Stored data
text \<open>phi_n for n \<ge> 0: the n x n determinant det(p_{n-2i+j+1})_{i,j=1..n}
  (indices shifted to 0-based: entry (i,j) is p_{n-2(i+1)+(j+1)+1}); phi_0 = 1.\<close>
definition phi_nat :: "complex \<Rightarrow> nat \<Rightarrow> complex \<Rightarrow> complex \<Rightarrow> complex" where
  "phi_nat q n y z = (if n = 0 then 1 else
     det (mat n n (\<lambda>(i, j). pp q (int n - 2 * (int i + 1) + (int j + 1) + 1) y z)))"

definition phi :: "complex \<Rightarrow> int \<Rightarrow> complex \<Rightarrow> complex \<Rightarrow> complex" where
  "phi q N y z = (if N \<ge> 0 then phi_nat q (nat N) y z
     else (-1) ^ nat (N * (N + 1) div 2) * phi_nat q (nat (- N - 1)) y z)"

end

theory Submission
  imports Defs "HOL-Computational_Algebra.Formal_Power_Series"
begin

(* phi_N is the Jacobi-Trudi determinant det(p_{N-2i+j}) of the staircase shape. Replacing the
   first row of such a determinant by (1, x, x^2, ...) and clearing it by column operations turns
   the entry sequence g into the coefficients of (1 - x t) G(t); so the three-term Pluecker relation
   between determinants with two free rows yields bilinear relations between staircase
   determinants of g, of (1 - a t) G, (1 - b t) G and (1 - a t)(1 - b t) G. The generating function
   P(y,z;t) of the p_k satisfies (1 - (1-q) y t) P(y,z;t) = P(qy,z;t), likewise in z, and
   (1 + (1-q) t) P(y,z;qt) = P(qy,qz;t); the substitution t -> qt only multiplies a staircase
   determinant of size n by q^(n(n+1)/2). Choosing a, b, G accordingly gives all six identities for
   N >= 0, and phi_{-N-1} = +-phi_N transfers them to N < 0. *)

section \<open>Determinants of matrices given by row functions\<close>

definition det_rows :: "nat \<Rightarrow> (nat \<Rightarrow> nat \<Rightarrow> 'a::comm_ring_1) \<Rightarrow> 'a" where
  "det_rows n R = det (mat n n (\<lambda>(i, j). R i j))"

definition cons_row :: "(nat \<Rightarrow> 'a) \<Rightarrow> (nat \<Rightarrow> nat \<Rightarrow> 'a) \<Rightarrow> nat \<Rightarrow> nat \<Rightarrow> 'a" where
  "cons_row u R i = (if i = 0 then u else R (i - 1))"

definition basis_row :: "nat \<Rightarrow> nat \<Rightarrow> 'a::zero_neq_one" where
  "basis_row c j = (if j = c then 1 else 0)"

lemma det_rows_cong:
  assumes "\<And>i j. i < n \<Longrightarrow> j < n \<Longrightarrow> R i j = R' i j"
  shows "det_rows n R = det_rows n R'"
  unfolding det_rows_def by (rule arg_cong[where f = det], rule cong_mat) (simp_all add: assms)

lemma mat_delete_rows:
  "mat_delete (mat n n (\<lambda>(i, j). R i j)) r c =
     mat (n - 1) (n - 1) (\<lambda>(i, j). R (if i < r then i else Suc i) (if j < c then j else Suc j))"
  unfolding mat_delete_def by (rule cong_mat) auto

lemma det_rows_laplace_row:
  "k < n \<Longrightarrow> det_rows n R = (\<Sum>j<n. R k j * cofactor (mat n n (\<lambda>(i, j). R i j)) k j)"
  unfolding det_rows_def using laplace_expansion_row[of "mat n n (\<lambda>(i, j). R i j)" n k] by simp

lemma cofactor_rows_cong:
  assumes "\<And>i j. i < n \<Longrightarrow> j < n \<Longrightarrow> i \<noteq> k \<Longrightarrow> R i j = R' i j"
  shows "cofactor (mat n n (\<lambda>(i, j). R i j)) k c = cofactor (mat n n (\<lambda>(i, j). R' i j)) k c"
  unfolding cofactor_def mat_delete_rows
      by (rule arg_cong[where f = "\<lambda>A. _ * det A"], rule cong_mat) (auto intro!: assms)

lemma det_rows_linear_row:
  assumes k: "k < n"
    and FG: "\<And>i j. i < n \<Longrightarrow> j < n \<Longrightarrow> i \<noteq> k \<Longrightarrow> F i j = G i j"
    and FH: "\<And>i j. i < n \<Longrightarrow> j < n \<Longrightarrow> i \<noteq> k \<Longrightarrow> F i j = H i j"
    and row: "\<And>j. j < n \<Longrightarrow> F k j = a * G k j + b * H k j"
  shows "det_rows n F = a * det_rows n G + b * det_rows n H"
proof -
  let ?c = "\<lambda>j. cofactor (mat n n (\<lambda>(i, j). F i j)) k j"
  have cG: "?c j = cofactor (mat n n (\<lambda>(i, j). G i j)) k j" for j
    by (rule cofactor_rows_cong) (simp add: FG)
  have cH: "?c j = cofactor (mat n n (\<lambda>(i, j). H i j)) k j" for j
    by (rule cofactor_rows_cong) (simp add: FH)
  have "det_rows n F = (\<Sum>j<n. a * (G k j * ?c j) + b * (H k j * ?c j))"
    unfolding det_rows_laplace_row[OF k, of F] by (rule sum.cong) (auto simp: row algebra_simps)
  also have "\<dots> = a * det_rows n G + b * det_rows n H"
    by (simp add: det_rows_laplace_row[OF k, of G] det_rows_laplace_row[OF k, of H] sum.distrib
        sum_distrib_left cG[symmetric] cH[symmetric])
  finally show ?thesis .
qed

lemma det_rows_basis_row:
  assumes "r \<le> n" and "c \<le> n" and row: "\<And>j. j \<le> n \<Longrightarrow> R r j = basis_row c j"
  shows "det_rows (Suc n) R = (-1) ^ (r + c) *
    det_rows n (\<lambda>i j. R (if i < r then i else Suc i) (if j < c then j else Suc j))"
proof -
  have r: "r < Suc n" using assms by simp
  have "det_rows (Suc n) R = (\<Sum>j<Suc n. if j = c then cofactor (mat (Suc n) (Suc n)
      (\<lambda>(i, j). R i j)) r c else 0)"
    unfolding det_rows_laplace_row[OF r] by (rule sum.cong) (auto simp: row basis_row_def)
  also have "\<dots> = cofactor (mat (Suc n) (Suc n) (\<lambda>(i, j). R i j)) r c"
    using \<open>c \<le> n\<close> by simp
  finally show ?thesis
    unfolding cofactor_def mat_delete_rows det_rows_def by simp
qed

lemma det_rows_identical_rows:
  assumes "a < n" "b < n" "a \<noteq> b" "\<And>j. j < n \<Longrightarrow> R a j = R b j"
  shows "det_rows n R = 0"
  unfolding det_rows_def by (rule det_identical_rows[of _ n a b]) (use assms in \<open>auto intro!: eq_vecI\<close>)

lemma det_rows_last_column_dependent:
  fixes R :: "nat \<Rightarrow> nat \<Rightarrow> 'a::idom"
  assumes "\<And>i. i < Suc n \<Longrightarrow> R i n = (\<Sum>j<n. R i j * c j)"
  shows "det_rows (Suc n) R = 0"
proof -
  let ?A = "mat (Suc n) (Suc n) (\<lambda>(i, j). R i j)"
  define w where "w = vec (Suc n) (\<lambda>j. if j < n then c j else -1)"
  have "w \<noteq> 0\<^sub>v (Suc n)"
  proof
    assume "w = 0\<^sub>v (Suc n)"
    then have "w $ n = 0" by simp
    then show False by (simp add: w_def)
  qed
  moreover have "?A *\<^sub>v w = 0\<^sub>v (Suc n)"
  proof (rule eq_vecI)
    fix i assume "i < dim_vec (0\<^sub>v (Suc n) :: 'a vec)"
    then have i: "i < Suc n" by simp
    have "(?A *\<^sub>v w) $ i = (\<Sum>j<Suc n. R i j * w $ j)"
      using i by (simp add: scalar_prod_def lessThan_atLeast0 w_def)
    also have "\<dots> = (\<Sum>j<n. R i j * c j) - R i n"
      by (simp add: w_def)
    finally show "(?A *\<^sub>v w) $ i = 0\<^sub>v (Suc n) $ i"
      using i assms by simp
  qed simp
  moreover have "w \<in> carrier_vec (Suc n)" "?A \<in> carrier_mat (Suc n) (Suc n)"
    by (simp_all add: w_def)
  ultimately show ?thesis
    unfolding det_rows_def using det_0_iff_vec_prod_zero[of ?A "Suc n"] by blast
qed

lemma det_rows_laplace_last_column:
  "det_rows (Suc n) R = (\<Sum>i<Suc n. R i n * ((-1) ^ (i + n)
      * det_rows n (\<lambda>a b. R (if a < i then a else Suc a) b)))"
proof -
  let ?M = "mat (Suc n) (Suc n) (\<lambda>(i, j). R i j)"
  have "det_rows (Suc n) R = (\<Sum>i<Suc n. ?M $$ (i, n) * cofactor ?M i n)"
    unfolding det_rows_def by (rule laplace_expansion_column) auto
  also have "\<dots> = (\<Sum>i<Suc n. R i n * ((-1) ^ (i + n) * det_rows n (\<lambda>a b. R (if a < i then a else Suc a) b)))"
  proof (rule sum.cong)
    fix i assume "i \<in> {..<Suc n}"
    moreover have "det_rows n (\<lambda>a b. R (if a < i then a else Suc a) (if b < n then b else Suc b))
        = det_rows n (\<lambda>a b. R (if a < i then a else Suc a) b)"
      by (rule det_rows_cong) simp
    ultimately show "?M $$ (i, n) * cofactor ?M i n
        = R i n * ((-1) ^ (i + n) * det_rows n (\<lambda>a b. R (if a < i then a else Suc a) b))"
      by (simp add: cofactor_def mat_delete_rows det_rows_def)
  qed simp
  finally show ?thesis .
qed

What you are asked to do:
Word for word, please print every line from the beginning of the records to the line bearing "then u else", counting both ends and stopping there.

Problem solution:
text \<open>phi_n for n \<ge> 0: the n x n determinant det(p_{n-2i+j+1})_{i,j=1..n}
  (indices shifted to 0-based: entry (i,j) is p_{n-2(i+1)+(j+1)+1}); phi_0 = 1.\<close>
definition phi_nat :: "complex \<Rightarrow> nat \<Rightarrow> complex \<Rightarrow> complex \<Rightarrow> complex" where
  "phi_nat q n y z = (if n = 0 then 1 else
     det (mat n n (\<lambda>(i, j). pp q (int n - 2 * (int i + 1) + (int j + 1) + 1) y z)))"

definition phi :: "complex \<Rightarrow> int \<Rightarrow> complex \<Rightarrow> complex \<Rightarrow> complex" where
  "phi q N y z = (if N \<ge> 0 then phi_nat q (nat N) y z
     else (-1) ^ nat (N * (N + 1) div 2) * phi_nat q (nat (- N - 1)) y z)"

end

theory Submission
  imports Defs "HOL-Computational_Algebra.Formal_Power_Series"
begin

(* phi_N is the Jacobi-Trudi determinant det(p_{N-2i+j}) of the staircase shape. Replacing the
   first row of such a determinant by (1, x, x^2, ...) and clearing it by column operations turns
   the entry sequence g into the coefficients of (1 - x t) G(t); so the three-term Pluecker relation
   between determinants with two free rows yields bilinear relations between staircase
   determinants of g, of (1 - a t) G, (1 - b t) G and (1 - a t)(1 - b t) G. The generating function
   P(y,z;t) of the p_k satisfies (1 - (1-q) y t) P(y,z;t) = P(qy,z;t), likewise in z, and
   (1 + (1-q) t) P(y,z;qt) = P(qy,qz;t); the substitution t -> qt only multiplies a staircase
   determinant of size n by q^(n(n+1)/2). Choosing a, b, G accordingly gives all six identities for
   N >= 0, and phi_{-N-1} = +-phi_N transfers them to N < 0. *)

section \<open>Determinants of matrices given by row functions\<close>

definition det_rows :: "nat \<Rightarrow> (nat \<Rightarrow> nat \<Rightarrow> 'a::comm_ring_1) \<Rightarrow> 'a" where
  "det_rows n R = det (mat n n (\<lambda>(i, j). R i j))"

definition cons_row :: "(nat \<Rightarrow> 'a) \<Rightarrow> (nat \<Rightarrow> nat \<Rightarrow> 'a) \<Rightarrow> nat \<Rightarrow> nat \<Rightarrow> 'a" where
  "cons_row u R i = (if i = 0 then u else R (i - 1))"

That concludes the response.